Childminders fight back over Ofsted claims

Catherine Gaunt
Thursday, November 29, 2012

The National Childminding Association has hit out at the recommendation by Ofsted that ministers should consider only allowing childminders to deliver certain aspects of the EYFS.

The NCMA said it feared that such a move would create ‘a two-tier system’.

Ofsted’s early years report highlights the fact that childminders have ‘performed consistently worse’ than nurseries and pre-schools since the EYFS was introduced.

In the EYFS, all childminders are required to deliver learning and development requirements as well as those relating to children’s welfare.

Based on an analysis of inspection reports, Ofsted said, ‘Some childminders still find it difficult to assess children’s starting points, to find ways of observing and assessing children’s knowledge, understanding and skills, and to plan for their individual needs.’

According to Ofsted ten per cent of active childminders are outstanding and 61 per cent are good. The figures for nurseries and pre-schools are 14 per cent and 64 per cent respectively.

The Ofsted report also proposes ‘a system of hubs and networks for childminders and pre-schools’ to evaluate quality more frequently and support improvement.

But Liz Bayram, joint chief executive of the NCMA, said many childminders were keeping their good and outstanding Ofsted grades, despite the fact that childminders were losing support from local authorities due to budget cuts,

She also said that evidence showed that ‘excellent local authority intervention’ and childminders’ ‘own dedication to professional development’ did support improvement and she urged Government to build on that instead.

‘We are very concerned to see HM Chief Inspector proposing solutions that do not recognise the competitive market that exists between childminders and group settings, for example, linking satisfactory childminders to outstanding nurseries to support their improvement, or which propose the creation of a two-tiered system of EYFS, where childminders only have to deliver part of the EYFS,’ she said.

‘Some of these ideas were rejected when the EYFS was first introduced and again in the recent Tickell review. So we are sad to see them being explored yet again when so many childminders are already delivering high quality provision under the EYFS,' she said.

Earlier this year, chief inspector Sir Michael Wilshaw told MPs at the education select committee that regulating and inspecting childminders was too costly and he was in discussions with education secretary Michael Gove about how to make the inspection system more efficient, more effective, and provide greater value for money.
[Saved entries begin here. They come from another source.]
(* Assume $e_{-1}+e_{+1}<1$. For any two measurable classifiers $f,g:\mathcal X\to\{-1,+1\}$, $$\mathbb E_{\tilde{\mathcal D}}[\mathbb 1_{\mathrm{peer}}(f(X),\tilde Y)]\le\mathbb E_{\tilde{\mathcal D}}[\mathbb 1_{\mathrm{peer}}(g(X),\tilde Y)]\iff R_{-1}(f)+R_{+1}(f)\le R_{-1}(g)+R_{+1}(g),$$ i.e. minimizing $\mathbb E_{\tilde{\mathcal D}}[\mathbb 1_{\mathrm{peer}}(f(X),\tilde Y)]$ is equivalent to minimizing $R_{-1}(f)+R_{+1}(f)$.
   Context: Let $\mathcal X\subseteq\mathbb R^d$ and let $(X,Y)$ be a random pair with distribution $\mathcal D$ on $\mathcal X\times\{-1,+1\}$, with $p:=\mathbb P(Y=+1)\in(0,1)$. A noisy label $\tilde Y\in\{-1,+1\}$ is generated with noise rates $e_{+1}:=\mathbb P(\tilde Y=-1\mid Y=+1)$, $e_{-1}:=\mathbb P(\tilde Y=+1\mid Y=-1)$, where $\tilde Y$ is conditionally independent of $X$ given $Y$; $\tilde{\mathcal D}$ is the distribution of $(X,\tilde Y)$. For a classifier $f$, $R_{+1}(f):=\mathbb P(f(X)=-1\mid Y=+1)$ and $R_{-1}(f):=\mathbb P(f(X)=+1\mid Y=-1)$. The 0-1 loss is $\mathbb 1(a,b)=1$ if $a\neq b$ and $0$ otherwise, and $$\mathbb E_{\tilde{\mathcal D}}[\mathbb 1_{\mathrm{peer}}(f(X),\tilde Y)]:=\mathbb E[\mathbb 1(f(X),\tilde Y)]-\mathbb E[\mathbb 1(f(X_1),\tilde Y_2)],$$ where $(X,\tilde Y),(X_1,\tilde Y_1),(X_2,\tilde Y_2)$ are i.i.d. draws from $\tilde{\mathcal D}$. *)

theory Defs
  imports "HOL-Probability.Probability"
begin

definition loss01 :: "int \<Rightarrow> int \<Rightarrow> real" where
  "loss01 a b = (if a \<noteq> b then 1 else 0)"

definition cprob :: "'w measure \<Rightarrow> 'w set \<Rightarrow> 'w set \<Rightarrow> real" where
  "cprob M A B = measure M (A \<inter> B) / measure M B"

text \<open>Expected peer 0-1 loss under a distribution D of (X, noisy label):
  E[1(f X, Y~)] - E[1(f X1, Y~2)], where (X1,Y~1),(X2,Y~2) are i.i.d. draws from D.\<close>
definition peer_risk :: "('a \<times> int) measure \<Rightarrow> ('a \<Rightarrow> int) \<Rightarrow> real" where
  "peer_risk D f =
     (\<integral>z. loss01 (f (fst z)) (snd z) \<partial>D)
     - (\<integral>zz. loss01 (f (fst (fst zz))) (snd (snd zz)) \<partial>(D \<Otimes>\<^sub>M D))"

end

theory Submission
  imports Defs
begin

text \<open>With labels in {-1, 1}, the peer loss of a classifier f is
  P(C \<noteq> T) - P(C \<noteq> T') for C = f X, T = Y~ and T' an independent copy of T, that is
  -Cov(C, T)/2. Since C and T are conditionally independent given the binary clean label Y,
  the covariance reduces to p (1 - p) times the product of the jumps of the conditional means
  E[C | Y] and E[T | Y], which are 2 (1 - R_-1(f) - R_+1(f)) and 2 (1 - e_-1 - e_+1).
  Hence the peer risk is 2 p (1 - p) (1 - e_-1 - e_+1) (R_-1(f) + R_+1(f) - 1), a strictly
  increasing function of R_-1(f) + R_+1(f) when e_-1 + e_+1 < 1.\<close>

lemma cprob_Collect:
  "cprob M {\<omega> \<in> space M. P \<omega>} {\<omega> \<in> space M. Q \<omega>}
     = measure M {\<omega> \<in> space M. P \<omega> \<and> Q \<omega>} / measure M {\<omega> \<in> space M. Q \<omega>}"
  unfolding cprob_def by (simp add: Int_def conj_ac)

context prob_space
begin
An investigation by Nursery World revealed that Ofsted spends six times as much regulating and inspecting a childcare place with a childminder than it does on group settings.

At the time Sir Michael told the select committee,'My view is that we should really look at the future of how we inspect early years, and particularly childminders, to make sure that the very large numbers of children in childminding settings are given a good delivery.’

He added that while he thought a lot of children’s centres were doing good work in supporting disadvantaged families, ‘I think the issue is for childminders it becomes childminding, care and support, rather than subscribing to the EYFS education goals.’

'Childminding agencies'

The NCMA is lobbying against proposals put forward earlier this year by Elizabeth Truss, before she became education and childcare minister, who favours an agency system, similar to that used in the Netherlands, to train and regulate childminders.

The association’s campaign, launched in April, to keep childminders regulated and inspected as individuals under the EYFS has been backed by thousands of childminders.

Ms Bayram said, ‘NCMA is concerned that - set alongside the Government's continued interest in the development of the discredited agency approach to childminding regulation and inspection - the childminding profession is under threat of being placed into a system of regulation and support that neither improves quality nor supports parental confidence in the care that childminders provide.

‘All of which threatens their future business sustainability. Thousands of our members have already registered their concerns around these agency proposals. We will now be working with them to do the same with the ideas set out in this document.’